The typical diffraction pattern for NCM PG46+NaNO2 at T = 330 K and results of fitting procedure are shown in Fig. 1 All Bragg peaks correspond to NaNO2 structure, and no admixtures were observed. The diffuse background is due to scattering on amorphous SiO2, which forms the skeleton of porous glasses.

Fig. 1. Diffraction pattern for NCM-46 sample at 330 K. Solid line corresponds to calculated pattern, open circles - experimental data. Vertical bars - Bragg positions, the line in the bottom part is the difference between the experimental data and fitting

Bragg peaks are broadened due to size effect, the sizes of NaNO2 nanoparticles were estimated from reflection widths at different temperatures. The values for NCM-20 are 72 (2) nm at room temperature and 54 (2) nm at 460 K in the paraelectric phase. The size for NCM-46 is 102 (2) nm in the ferroelectric phase and gradually decreases on heating (60 (2) nm at 460 K) [13].

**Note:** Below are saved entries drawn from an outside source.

(* Let $k$ be a field and $d$ a positive integer such that the characteristic of $k$ does not divide $d$ (i.e. $d\cdot 1_k\neq 0$). Then $R_1^{(d)}$ is a (two-sided) ideal of $k_0\langle X\rangle$; in particular $R_1^{(d)}=R_2^{(d)}$.
   Context: Let $X=\{x_1,x_2,\ldots\}$ be a countably infinite set and let $k_0\langle X\rangle$ denote the free associative $k$-algebra (without identity) on $X$. A $T$-space of $k_0\langle X\rangle$ is a $k$-linear subspace closed under every algebra endomorphism of $k_0\langle X\rangle$; the $T$-space generated by a subset is the smallest $T$-space containing it. For $v_1,\ldots,v_d\in k_0\langle X\rangle$, let $S_d(v_1,\ldots,v_d)=\sum_{\sigma\in\Sigma_d}\prod_{i=1}^d v_{\sigma(i)}$, where $\Sigma_d$ is the symmetric group on $d$ letters; write $S_d(x)=S_d(x_1,\ldots,x_d)$. Let $R_1^{(d)}$ be the $T$-space generated by $S_d(x)$, and let $R_2^{(d)}$ be the $T$-space generated by $R_1^{(d)}$ together with all products $u\,S_d(v_1,\ldots,v_d)$ with $u\in R_1^{(d)}$, $v_i\in k_0\langle X\rangle$. *)

theory Defs
  imports Main "HOL-Combinatorics.Permutations"
begin

text \<open>The free associative k-algebra without identity on X = {x_0, x_1, ...}:
  elements are coefficient functions on words (lists of variable indices)
  with finite support and zero coefficient on the empty word.\<close>

type_synonym 'k fa = "nat list \<Rightarrow> 'k"

definition FA :: "'k::field fa set" where
  "FA = {p. finite {w. p w \<noteq> 0} \<and> p [] = 0}"

definition fa_add :: "'k::field fa \<Rightarrow> 'k fa \<Rightarrow> 'k fa" where
  "fa_add p q = (\<lambda>w. p w + q w)"

definition fa_smult :: "'k::field \<Rightarrow> 'k fa \<Rightarrow> 'k fa" where
  "fa_smult c p = (\<lambda>w. c * p w)"

definition fa_zero :: "'k::field fa" where
  "fa_zero = (\<lambda>w. 0)"

definition fa_mult :: "'k::field fa \<Rightarrow> 'k fa \<Rightarrow> 'k fa" where
  "fa_mult p q = (\<lambda>w. \<Sum>i\<le>length w. p (take i w) * q (drop i w))"

definition fa_var :: "nat \<Rightarrow> 'k::field fa" where
  "fa_var i = (\<lambda>w. if w = [i] then 1 else 0)"

definition fa_endo :: "('k::field fa \<Rightarrow> 'k fa) \<Rightarrow> bool" where
  "fa_endo f \<longleftrightarrow> (\<forall>p\<in>FA. f p \<in> FA)
     \<and> (\<forall>p\<in>FA. \<forall>q\<in>FA. f (fa_add p q) = fa_add (f p) (f q))
     \<and> (\<forall>c. \<forall>p\<in>FA. f (fa_smult c p) = fa_smult c (f p))
     \<and> (\<forall>p\<in>FA. \<forall>q\<in>FA. f (fa_mult p q) = fa_mult (f p) (f q))"

definition fa_subspace :: "'k::field fa set \<Rightarrow> bool" where
  "fa_subspace V \<longleftrightarrow> V \<subseteq> FA \<and> fa_zero \<in> V
     \<and> (\<forall>p\<in>V. \<forall>q\<in>V. fa_add p q \<in> V)
     \<and> (\<forall>c. \<forall>p\<in>V. fa_smult c p \<in> V)"

definition T_space :: "'k::field fa set \<Rightarrow> bool" where
  "T_space V \<longleftrightarrow> fa_subspace V \<and> (\<forall>f. fa_endo f \<longrightarrow> (\<forall>p\<in>V. f p \<in> V))"

definition T_gen :: "'k::field fa set \<Rightarrow> 'k fa set" where
  "T_gen S = \<Inter>{V. T_space V \<and> S \<subseteq> V}"

definition fa_ideal :: "'k::field fa set \<Rightarrow> bool" where
  "fa_ideal I \<longleftrightarrow> fa_subspace I
     \<and> (\<forall>u\<in>I. \<forall>a\<in>FA. fa_mult a u \<in> I \<and> fa_mult u a \<in> I)"

text \<open>Product of a nonempty list of elements (no identity available).\<close>
fun fa_prod :: "'k::field fa list \<Rightarrow> 'k fa" where
  "fa_prod [] = fa_zero"
| "fa_prod [v] = v"
| "fa_prod (v # vs) = fa_mult v (fa_prod vs)"

text \<open>S_d(v_1,...,v_d) with arguments indexed 0..d-1: the sum over all
  permutations s of {0..<d} of the ordered product v(s 0) ... v(s (d-1)).\<close>
definition S_poly :: "nat \<Rightarrow> (nat \<Rightarrow> 'k::field fa) \<Rightarrow> 'k fa" where
  "S_poly d v = (\<lambda>w. \<Sum>s\<in>{s. s permutes {..<d}}. fa_prod (map (v \<circ> s) [0..<d]) w)"

definition R1 :: "nat \<Rightarrow> 'k::field fa set" where
  "R1 d = T_gen {S_poly d fa_var}"

definition R2 :: "nat \<Rightarrow> 'k::field fa set" where
  "R2 d = T_gen (R1 d \<union>
     {fa_mult u (S_poly d v) | u v. u \<in> R1 d \<and> (\<forall>i. v i \<in> FA)})"

end

theory Submission
  imports Defs "HOL-Combinatorics.Multiset_Permutations"
begin

text \<open>
  Write P(f, A) for the sum, over all orderings of a finite set A, of the products of the f i,
  so that S_d(v) = P(v, {0..<d}). Classifying the orderings of A by the right neighbour of a
  fixed a in A (none, or some i that a glues onto) gives
    P(f, A) = P(f, A - {a}) f a + (sum over i in A - {a} of P(f[i := f a f i], A - {a})),
  and summing this over all a in A, where the first terms add up to P(f, A), gives for |A| = d + 1
    d P(f, A) = sum over a in A and i in A - {a} of P(f[i := f a f i], A - {a}),
  a sum of values of S_d. Every value S_d(v) lies in R_1, being the image of S_d(x) under a
  substitution endomorphism; since d is invertible, so does every S_(d+1)(v_0, ..., v_d).
  The neighbour identity for a = d and f d = u then puts S_d(v) u, and by its mirror image
  also u S_d(v), into R_1. As R_1 is spanned by the values of S_d, it is an ideal, and
  R_2 = R_1 follows. The computations take place in the ring of all noncommutative series
  in the variables, into which the free algebra embeds.
\<close>

section \<open>Symmetrized products\<close>

lemma sum_swap_off_diagonal:
  assumes "finite B"
  shows "(\<Sum>i\<in>B. \<Sum>l\<in>B - {i}. h i l) = (\<Sum>l\<in>B. \<Sum>i\<in>B - {l}. h i l)"
proof -
  have "\<And>i. B - {i} = {l\<in>B. i \<noteq> l}" "\<And>l. B - {l} = {i\<in>B. i \<noteq> l}" by auto
  then show ?thesis using sum.swap_restrict[OF assms assms, of h "(\<noteq>)"] by simp
qed

definition symm_prod :: "('i \<Rightarrow> 'a::semiring_1) \<Rightarrow> 'i set \<Rightarrow> 'a" where
  "symm_prod f A = (\<Sum>xs\<in>permutations_of_set A. prod_list (map f xs))"

lemma symm_prod_cong: "(\<And>x. x \<in> A \<Longrightarrow> f x = g x) \<Longrightarrow> symm_prod f A = symm_prod g A"
  unfolding symm_prod_def
  by (rule sum.cong[OF refl], rule arg_cong[where f = prod_list], rule map_cong)
     (auto dest: permutations_of_setD)

lemma symm_prod_fun_upd_outside: "i \<notin> A \<Longrightarrow> symm_prod (f(i := c)) A = symm_prod f A"
  by (rule symm_prod_cong) auto

lemma symm_prod_reindex:
  assumes "inj_on h B"
  shows "symm_prod f (h ` B) = symm_prod (f \<circ> h) B"
proof -
  have "inj_on (map h) (permutations_of_set B)"
  proof (rule inj_onI)
    fix xs ys assume "xs \<in> permutations_of_set B" "ys \<in> permutations_of_set B" "map h xs = map h ys"
    then show "xs = ys"
      using assms by (metis inj_on_map_eq_map permutations_of_setD(1) sup.idem)
  qed
  then show ?thesis
    unfolding symm_prod_def permutations_of_set_image_inj[OF assms]
    by (subst sum.reindex) simp_all
qed

lemma symm_prod_first:
  assumes "finite A" "A \<noteq> {}"
  shows "symm_prod f A = (\<Sum>m\<in>A. f m * symm_prod f (A - {m}))"
proof -
  have "symm_prod f A = (\<Sum>m\<in>A. \<Sum>xs\<in>(#) m ` permutations_of_set (A - {m}). prod_list (map f xs))"
    unfolding symm_prod_def permutations_of_set_nonempty[OF assms(2)]
    by (rule sum.UNION_disjoint) (use assms in auto)
  also have "\<dots> = (\<Sum>m\<in>A. f m * symm_prod f (A - {m}))"
    unfolding symm_prod_def by (simp add: sum.reindex sum_distrib_left)
  finally show ?thesis .
qed

lemma symm_prod_first_remove:
  assumes "finite A" "a \<in> A"
  shows "symm_prod f A = f a * symm_prod f (A - {a}) + (\<Sum>m\<in>A - {a}. f m * symm_prod f (A - {m}))"
proof -
  have "A \<noteq> {}" using assms(2) by auto
  then show ?thesis using assms by (simp add: symm_prod_first sum.remove)
qed

(* The opposite semiring turns each identity about symm_prod into its mirror image. *)
typedef 'a opp = "UNIV :: 'a set" morphisms unopp opp by auto
setup_lifting type_definition_opp

instantiation opp :: (semiring_1) semiring_1
begin
lift_definition zero_opp :: "'a opp" is 0 .
lift_definition one_opp :: "'a opp" is 1 .
lift_definition plus_opp :: "'a opp \<Rightarrow> 'a opp \<Rightarrow> 'a opp" is "(+)" .
lift_definition times_opp :: "'a opp \<Rightarrow> 'a opp \<Rightarrow> 'a opp" is "\<lambda>x y. y * x" .
instance
  by standard (transfer; simp add: algebra_simps)+
end

lemma unopp_sum: "unopp (sum f A) = (\<Sum>x\<in>A. unopp (f x))"
  by (induction A rule: infinite_finite_induct) (simp_all add: zero_opp.rep_eq plus_opp.rep_eq)

lemma unopp_prod_list: "unopp (prod_list xs) = prod_list (rev (map unopp xs))"
  by (induction xs) (simp_all add: one_opp.rep_eq times_opp.rep_eq)

lemma unopp_symm_prod: "unopp (symm_prod f A) = symm_prod (unopp \<circ> f) A"
proof -
  have "unopp (symm_prod f A) = (\<Sum>xs\<in>permutations_of_set A. prod_list (map (unopp \<circ> f) (rev xs)))"
    by (simp add: symm_prod_def unopp_sum unopp_prod_list rev_map)
  also have "\<dots> = (\<Sum>xs\<in>rev ` permutations_of_set A. prod_list (map (unopp \<circ> f) xs))"
    by (subst sum.reindex) (simp_all add: inj_on_def)
  finally show ?thesis by (simp add: symm_prod_def)
qed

As a result of fitting procedure we have obtained the temperature dependences of the lattice parameters (Fig. 2) for NCMs and for bulk sodium nitrite. It can be seen that temperature dependencies of a and b parameters practically coincide on heating for NCMs and for bulk NaNO2 (for a throughout the measurement temperature interval, for b only in the ferroelectric phase below TC = 437 K), but above TC parameter b grows faster in NCMs than in bulk NaNO2. On cooling a(T) and b(T) curves for NCMs lay significantly higher than in bulk material. Moreover one can note that the temperatures, where the dependences a(T) and b(T) change the slope due to ferroelectric phase transition, are much lower 10 K) than in the bulk. It is necessary to note that the pronounced hysteresis loop in the temperature dependences of order parameter reported in our previous works [13] has the same value. A small hysteresis between heating and cooling curves have been observed for the bulk sodium nitrite but its value is noticeable smaller 4 K) and can be explained by inertia of heating (cooling) of powder sample in a glass capillary.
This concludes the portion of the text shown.